At the end of the study, both ipragliflozin and sitagliptin showed reduced levels of fasting plasma glucose, HbA1c, and glycoalbumin. While ipragliflozin increased HDL-C while decreasing apo E, sitagliptin increased LDL-C (Low-density lipoprotein cholesterol) while decreasing TG, CII, CIII, and apo B48. For HDL-C and apo B48, the differences between treatments were significant but for apo A1, they were almost significant. Additionally, ipragliflozin reduced blood pressure, body weight, uric acid, serum liver enzymes, and leptin and increased serum ketones.

Based on the above results, it can be concluded that although ipragliflozin and sitagliptin may affect glycemic parameters in a similar manner, their effects on serum lipid and apolipoprotein profiles may be different. Therefore, ipragliflozin may have an anti-atherogenic effect in patients with type 2 diabetes compared to sitagliptin through modulation of HDL-C and apo E.

A recent study demonstrated that bempedoic acid reduces LDL cholesterol and high-sensitivity C-reactive protein and the risk of cardiovascular events in both Diabetic and non-diabetic patients .The findings of this study were published in the journal, Lancet. Diabetes & Endocrinology.

CLEAR Outcomes was a randomised, double-blind, placebo-controlled trial that included 13,970 patients, who were randomly assigned to those with diabetes (n=6373), prediabetes (n= 5796), and normoglycaemia (n=1801). Patients with or without cardiovascular disease who were unwilling or unable to adhere to the recommended doses of statins and an LDL cholesterol of 2·59 mmol/L or more were randomly assigned (1:1) to receive either bempedoic acid 180 mg once per day or placebo. Using the intention-to-treat population stratified by baseline glycaemia status, the efficacy endpoint of the prespecified analysis was a time-to-event analysis of four-component major adverse cardiovascular event (MACE-4), which is the composite of nonfatal myocardial infarction, cardiovascular death, nonfatal stroke, or coronary revascularisation. At baseline, the risk of new-onset diabetes and HbA1c increase was analysed in patients without diabetes.

After a median follow-up of 3.4 years, patients with diabetes had significant relative and absolute cardiovascular risk reductions in MACE-4 endpoints with bempedoic acid (absolute risk reduction of 2·4%) compared to the placebo. The incidence of new-onset diabetes was comparable in both the bempedoic acid and placebo groups. The HbA1c concentrations were similar between randomised groups in patients who had prediabetes and normoglycaemia, at 12 months and end of the study. Placebo-corrected LDL cholesterol concentrations and high-sensitivity C-reactive protein at 6 months showed reductions in each glycaemic stratum (diabetes, prediabetes, and normoglycemia) for patients who were randomly assigned to bempedoic acid.
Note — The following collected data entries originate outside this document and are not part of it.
lemma (in tw_params) monotone_TW_imp_monotone_wave:
  assumes "monotone_TW lam nc gp gm cbar cB \<sigma> R"
  obtains n c p dc dp where "monotone_wave lam nc gp gm cbar cB \<sigma> R n c p dc dp"
proof -
  obtain n c p where TW: "TW_vitro lam nc gp gm cbar cB \<sigma> R n c p"
    and nonneg: "\<forall>x. 0 \<le> n x \<and> 0 \<le> c x \<and> 0 \<le> p x"
    and mono: "\<forall>x\<le>R. \<forall>d. (c has_real_derivative d) (at x within {..R}) \<longrightarrow> 0 \<le> d"
    using assms unfolding monotone_TW_def by blast
  obtain dc dp where c_deriv: "\<forall>x\<le>R. (c has_real_derivative dc x) (at x within {..R})"
    and dc: "continuous_on {..R} dc"
      "\<forall>y x. y \<le> x \<and> x \<le> R \<longrightarrow> ((\<lambda>t. psi lam nc (n t) * c t) has_integral (dc x - dc y)) {y..x}"
    and dp: "\<forall>x\<in>{0..R}. (p has_real_derivative dp x) (at x within {0..R})" "continuous_on {0..R} dp"
      "\<forall>x\<in>{0<..<R}. c x \<noteq> cbar \<longrightarrow> (dp has_real_derivative (- Gr gp gm cbar (c x))) (at x)"
      "\<sigma> = - dp R" "dp 0 = 0"
    using TW unfolding TW_vitro_def by blast
  have "\<forall>x\<le>R. 0 \<le> dc x"
    using mono c_deriv by blast
  with TW nonneg c_deriv dc dp have "monotone_wave lam nc gp gm cbar cB \<sigma> R n c p dc dp"
    unfolding TW_vitro_def by unfold_locales simp_all
  then show ?thesis by (rule that)
qed

context monotone_wave
begin

lemma c_cont: "continuous_on {..R} c"
  using c_deriv by (intro DERIV_continuous_on) auto

lemma c_DERIV: "x < R \<Longrightarrow> DERIV c x :> dc x"
  by (rule DERIV_within_interval_imp_at[OF c_deriv, of x "x - 1" R]) auto

lemma c_mono:
  assumes "x \<le> y" "y \<le> R"
  shows "c x \<le> c y"
proof (rule DERIV_nonneg_imp_increasing_open[OF assms(1)])
  fix t assume "x < t" "t < y"
  then show "\<exists>d. DERIV c t :> d \<and> 0 \<le> d"
    using c_DERIV[of t] dc_nonneg[of t] assms(2) by auto
next
  show "continuous_on {x..y} c"
    by (rule continuous_on_subset[OF c_cont]) (use assms(2) in auto)
qed

lemma dc_DERIV:
  assumes "\<And>t. t \<in> {a..b} \<Longrightarrow> psi lam nc (n t) = q" "a < x" "x < b" "b \<le> R"
  shows "DERIV dc x :> q * c x"
proof (rule has_integral_primitive_DERIV[where a = a and b = b])
  fix y assume "y \<in> {a..b}"
  then show "((\<lambda>t. q * c t) has_integral dc y - dc a) {a..y}"
    using dc_integral[of a y] assms(1,4)
      has_integral_cong[of "{a..y}" "\<lambda>t. psi lam nc (n t) * c t" "\<lambda>t. q * c t"] by auto
next
  show "continuous_on {a..b} (\<lambda>t. q * c t)"
    using assms(4) by (intro continuous_intros continuous_on_subset[OF c_cont]) auto
qed (use assms(2,3) in auto)

lemma dc_DERIV_front: "0 < x \<Longrightarrow> x < R \<Longrightarrow> DERIV dc x :> lam * c x"
  using n_front by (intro dc_DERIV[where a = 0 and b = R]) (auto simp: psi_def)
It was observed that bempedoic acid reduces LDL cholesterol and high-sensitivity C-reactive protein and the risk of cardiovascular events among patients with diabetes. With bempedoic acid, participants without diabetes had no increase in new-onset diabetes or worsening HbA1c. Based on the findings of this study, it can be concluded that the efficacy and cardiometabolic safety profile of bempedoic acid makes it a valuable clinical option for those with and without diabetes.